▸ Instructions to follow: Please take the records that follow and repeat exactly the lines starting with the line with "proof (intro allI impI, elim conjE)" and going on through the line with "ereal) \<Rightarrow> 'a".

-- Dataset records follows --

lemma envelope_le:
  assumes "0 < t" "y + t *\<^sub>R u \<in> D"
  shows "envelope h \<le> slope t u + norm (h - u)"
proof -
  have "- norm h \<le> slope t u + norm (h - u)"
    if "0 < t" "y + t *\<^sub>R u \<in> D" for t u
    using slope_ge[OF that] norm_triangle_ineq4[of h "h - u"] by simp
  then have "bdd_below ((\<lambda>(t, u). slope t u + norm (h - u)) ` {(t, u). 0 < t \<and> y + t *\<^sub>R u \<in> D})"
    by (intro bdd_belowI2) auto
  moreover have "(t, u) \<in> {(t, u). 0 < t \<and> y + t *\<^sub>R u \<in> D}" using assms by simp
  ultimately show ?thesis
    unfolding envelope_def by (rule cINF_lower2) simp
qed

lemma envelope_greatest:
  assumes "\<And>t u. 0 < t \<Longrightarrow> y + t *\<^sub>R u \<in> D \<Longrightarrow> a \<le> slope t u + norm (h - u)"
  shows "a \<le> envelope h"
proof -
  have "(1, 0) \<in> {(t, u). 0 < t \<and> y + t *\<^sub>R u \<in> D}" using in_dom by simp
  then show ?thesis
    unfolding envelope_def by (rule cINF_greatest[OF ex_in_conv[THEN iffD1, OF exI]]) (auto intro: assms)
qed

lemma envelope_le_norm: "envelope h \<le> norm h"
  using envelope_le[of 1 0 h] in_dom by (simp add: slope_def)

lemma envelope_le_diff: "z \<in> D \<Longrightarrow> envelope (z - y) \<le> g z - g y"
  using envelope_le[of 1 "z - y" "z - y"] by (simp add: slope_def)

lemma slope_scale: "0 < c \<Longrightarrow> slope (t / c) (c *\<^sub>R u) = c * slope t u"
  by (simp add: slope_def field_simps)

lemma slope_add_le:
  assumes t1: "0 < t1" and t2: "0 < t2"
    and D1: "y + t1 *\<^sub>R u1 \<in> D" and D2: "y + t2 *\<^sub>R u2 \<in> D"
  defines "t \<equiv> t1 * t2 / (t1 + t2)"
  shows "y + t *\<^sub>R (u1 + u2) \<in> D" and "slope t (u1 + u2) \<le> slope t1 u1 + slope t2 u2"
proof -
  define s where "s = t1 / (t1 + t2)"
  have s: "0 \<le> s" "s \<le> 1" and ts: "(1 - s) * t1 = t" "s * t2 = t" and t: "0 < t"
    using t1 t2 by (auto simp: s_def t_def field_simps)
  have comb: "(1 - s) *\<^sub>R (y + t1 *\<^sub>R u1) + s *\<^sub>R (y + t2 *\<^sub>R u2) = y + t *\<^sub>R (u1 + u2)"
  proof -
    have "(1 - s) *\<^sub>R (y + t1 *\<^sub>R u1) + s *\<^sub>R (y + t2 *\<^sub>R u2)
        = y + ((1 - s) * t1) *\<^sub>R u1 + (s * t2) *\<^sub>R u2"
      by (simp add: algebra_simps)
    then show ?thesis by (simp add: ts scaleR_add_right)
  qed
  have "convex D" using convex by (simp add: convex_on_def)
  from convexD_alt[OF this D1 D2 s] show "y + t *\<^sub>R (u1 + u2) \<in> D" by (simp only: comb)
  have "g (y + t *\<^sub>R (u1 + u2)) \<le> (1 - s) * g (y + t1 *\<^sub>R u1) + s * g (y + t2 *\<^sub>R u2)"
    using convex_onD[OF convex s D1 D2] by (simp only: comb)
  then have "g (y + t *\<^sub>R (u1 + u2)) - g y
      \<le> (1 - s) * (g (y + t1 *\<^sub>R u1) - g y) + s * (g (y + t2 *\<^sub>R u2) - g y)"
    by (simp add: algebra_simps)
  also have "\<dots> = t * (slope t1 u1 + slope t2 u2)"
  proof -
    have "t * slope t1 u1 = (1 - s) * (g (y + t1 *\<^sub>R u1) - g y)"
      unfolding slope_def ts(1)[symmetric] using t1 by simp
    moreover have "t * slope t2 u2 = s * (g (y + t2 *\<^sub>R u2) - g y)"
      unfolding slope_def ts(2)[symmetric] using t2 by simp
    ultimately show ?thesis by (simp add: distrib_left)
  qed
  finally show "slope t (u1 + u2) \<le> slope t1 u1 + slope t2 u2"
    using t by (simp add: slope_def field_simps)
qed

lemma envelope_scale_le:
  assumes c: "0 < c"
  shows "envelope (c *\<^sub>R h) \<le> c * envelope h"
proof -
  have "envelope (c *\<^sub>R h) / c \<le> envelope h"
  proof (rule envelope_greatest)
    fix t u assume t: "0 < t" and D: "y + t *\<^sub>R u \<in> D"
    have "y + (t / c) *\<^sub>R (c *\<^sub>R u) \<in> D" using D c by simp
    then have "envelope (c *\<^sub>R h) \<le> slope (t / c) (c *\<^sub>R u) + norm (c *\<^sub>R h - c *\<^sub>R u)"
      using t c by (intro envelope_le) auto
    also have "\<dots> = c * (slope t u + norm (h - u))"
      using c by (simp add: slope_scale distrib_left flip: scaleR_diff_right)
    finally show "envelope (c *\<^sub>R h) / c \<le> slope t u + norm (h - u)"
      using c by (simp add: field_simps)
  qed
  then show ?thesis using c by (simp add: field_simps)
qed

lemma envelope_add_le: "envelope (h1 + h2) \<le> envelope h1 + envelope h2"
proof -
  have "envelope (h1 + h2) - envelope h2 \<le> envelope h1"
  proof (rule envelope_greatest)
    fix t1 u1 assume t1: "0 < t1" and D1: "y + t1 *\<^sub>R u1 \<in> D"
    have "envelope (h1 + h2) - (slope t1 u1 + norm (h1 - u1)) \<le> envelope h2"
    proof (rule envelope_greatest)
      fix t2 u2 assume t2: "0 < t2" and D2: "y + t2 *\<^sub>R u2 \<in> D"
      have "envelope (h1 + h2)
          \<le> slope (t1 * t2 / (t1 + t2)) (u1 + u2) + norm (h1 + h2 - (u1 + u2))"
        using t1 t2 slope_add_le(1)[OF t1 t2 D1 D2] by (intro envelope_le) auto
      also have "\<dots> \<le> (slope t1 u1 + norm (h1 - u1)) + (slope t2 u2 + norm (h2 - u2))"
        using slope_add_le(2)[OF t1 t2 D1 D2] norm_triangle_ineq[of "h1 - u1" "h2 - u2"]
        by (simp add: algebra_simps)
      finally show "envelope (h1 + h2) - (slope t1 u1 + norm (h1 - u1)) \<le> slope t2 u2 + norm (h2 - u2)"
        by simp
    qed
    then show "envelope (h1 + h2) - envelope h2 \<le> slope t1 u1 + norm (h1 - u1)" by simp
  qed
  then show ?thesis by simp
qed

lemma bounded_subgradient:
  obtains L where "bounded_linear L" "\<And>z. z \<in> D \<Longrightarrow> L (z - y) \<le> g z - g y"
proof -
  have "sublinear envelope"
    using envelope_add_le envelope_scale_le by (rule sublinearI)
  then obtain L where L: "bounded_linear L" "L \<le> envelope"
    by (rule sublinear_bounded_linear_minorant[where K = 1]) (simp add: envelope_le_norm)
  have "L (z - y) \<le> g z - g y" if "z \<in> D" for z
    using le_funD[OF L(2), of "z - y"] envelope_le_diff[OF that] by linarith
  with L(1) show ?thesis by (rule that)
qed

end

section \<open>Ekeland's variational principle\<close>

lemma lsc_fun_tendsto_le:
  fixes f :: "'a::topological_space \<Rightarrow> ereal"
  assumes lsc: "lsc_fun f" and F: "F \<noteq> bot" and zs: "(zs \<longlongrightarrow> z) F" and r: "(r \<longlongrightarrow> \<rho>) F"
    and le: "eventually (\<lambda>n. f (zs n) \<le> ereal (r n)) F"
  shows "f z \<le> ereal \<rho>"
proof (rule ereal_le_epsilon2)
  fix e :: real assume "0 < e"
  then have "eventually (\<lambda>n. r n < \<rho> + e) F" using r by (intro order_tendstoD(2)) auto
  with le have "eventually (\<lambda>n. zs n \<in> {x. f x \<le> ereal (\<rho> + e)}) F"
    by eventually_elim (auto elim: order.trans)
  moreover have "closed {x. f x \<le> ereal (\<rho> + e)}" using lsc by (simp add: lsc_fun_def)
  ultimately have "z \<in> {x. f x \<le> ereal (\<rho> + e)}" using Lim_in_closed_set F zs by blast
  then show "f z \<le> ereal \<rho> + ereal e" by simp
qed

lemma lsc_fun_add_continuous:
  fixes f :: "'a::first_countable_topology \<Rightarrow> ereal"
  assumes lsc: "lsc_fun f" and h: "continuous_on UNIV h"
  shows "lsc_fun (\<lambda>x. f x + ereal (h x))"
  unfolding lsc_fun_def closed_sequential_limits
proof (intro allI impI, elim conjE)
  fix c :: real and xs l
  assume mem: "\<forall>n. xs n \<in> {x. f x + ereal (h x) \<le> ereal c}" and xs: "xs \<longlonglongrightarrow> l"
  have "f (xs n) \<le> ereal (c - h (xs n))" for n
    using mem[rule_format, of n] by (cases "f (xs n)") auto
  moreover have "(\<lambda>n. c - h (xs n)) \<longlonglongrightarrow> c - h l"
    using continuous_on_tendsto_compose[OF h xs] by (intro tendsto_intros) auto
  ultimately have "f l \<le> ereal (c - h l)"
    using lsc_fun_tendsto_le[OF lsc _ xs] by (simp add: always_eventually)
  then show "l \<in> {x. f x + ereal (h x) \<le> ereal c}"
    by (cases "f l") auto
qed

definition ekeland_set :: "('a::metric_space \<Rightarrow> ereal) \<Rightarrow> 'a \<Rightarrow> 'a set" where
  "ekeland_set \<phi> x = {z. \<phi> z + ereal (dist z x) \<le> \<phi> x}"

lemma ekeland_set_refl: "x \<in> ekeland_set \<phi> x"
  by (simp add: ekeland_set_def)

lemma ekeland_set_trans:
  assumes "z \<in> ekeland_set \<phi> x'" and "x' \<in> ekeland_set \<phi> x"
  shows "z \<in> ekeland_set \<phi> x"
proof -
  have "\<phi> z + ereal (dist z x) \<le> \<phi> z + ereal (dist z x' + dist x' x)"
    using dist_triangle[of z x x'] by (intro add_left_mono) simp
  also have "\<dots> = \<phi> z + ereal (dist z x') + ereal (dist x' x)"
    by (simp add: add.assoc)
  also have "\<dots> \<le> \<phi> x' + ereal (dist x' x)"
    using assms(1) by (intro add_right_mono) (simp add: ekeland_set_def)
  also have "\<dots> \<le> \<phi> x" using assms(2) by (simp add: ekeland_set_def)
  finally show ?thesis by (simp add: ekeland_set_def)
qed

lemma ekeland_set_finite:
  assumes "z \<in> ekeland_set \<phi> x" and "\<phi> x \<noteq> \<infinity>"
  shows "\<phi> z \<noteq> \<infinity>"
  using assms by (auto simp: ekeland_set_def)

lemma closed_ekeland_set:
  assumes "lsc_fun \<phi>" and "\<phi> x \<noteq> -\<infinity>"
  shows "closed (ekeland_set \<phi> x)"
proof (cases "\<phi> x")
  case (real c)
  have "lsc_fun (\<lambda>z. \<phi> z + ereal (dist z x))"
    using assms(1) by (rule lsc_fun_add_continuous) (intro continuous_intros)
  then show ?thesis by (simp add: ekeland_set_def real lsc_fun_def)
qed (use assms in \<open>simp_all add: ekeland_set_def\<close>)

-- Dataset records concluded --

▸ Answer for this exercise:
proof (intro allI impI, elim conjE)
  fix c :: real and xs l
  assume mem: "\<forall>n. xs n \<in> {x. f x + ereal (h x) \<le> ereal c}" and xs: "xs \<longlonglongrightarrow> l"
  have "f (xs n) \<le> ereal (c - h (xs n))" for n
    using mem[rule_format, of n] by (cases "f (xs n)") auto
  moreover have "(\<lambda>n. c - h (xs n)) \<longlonglongrightarrow> c - h l"
    using continuous_on_tendsto_compose[OF h xs] by (intro tendsto_intros) auto
  ultimately have "f l \<le> ereal (c - h l)"
    using lsc_fun_tendsto_le[OF lsc _ xs] by (simp add: always_eventually)
  then show "l \<in> {x. f x + ereal (h x) \<le> ereal c}"
    by (cases "f l") auto
qed

definition ekeland_set :: "('a::metric_space \<Rightarrow> ereal) \<Rightarrow> 'a \<Rightarrow> 'a set" where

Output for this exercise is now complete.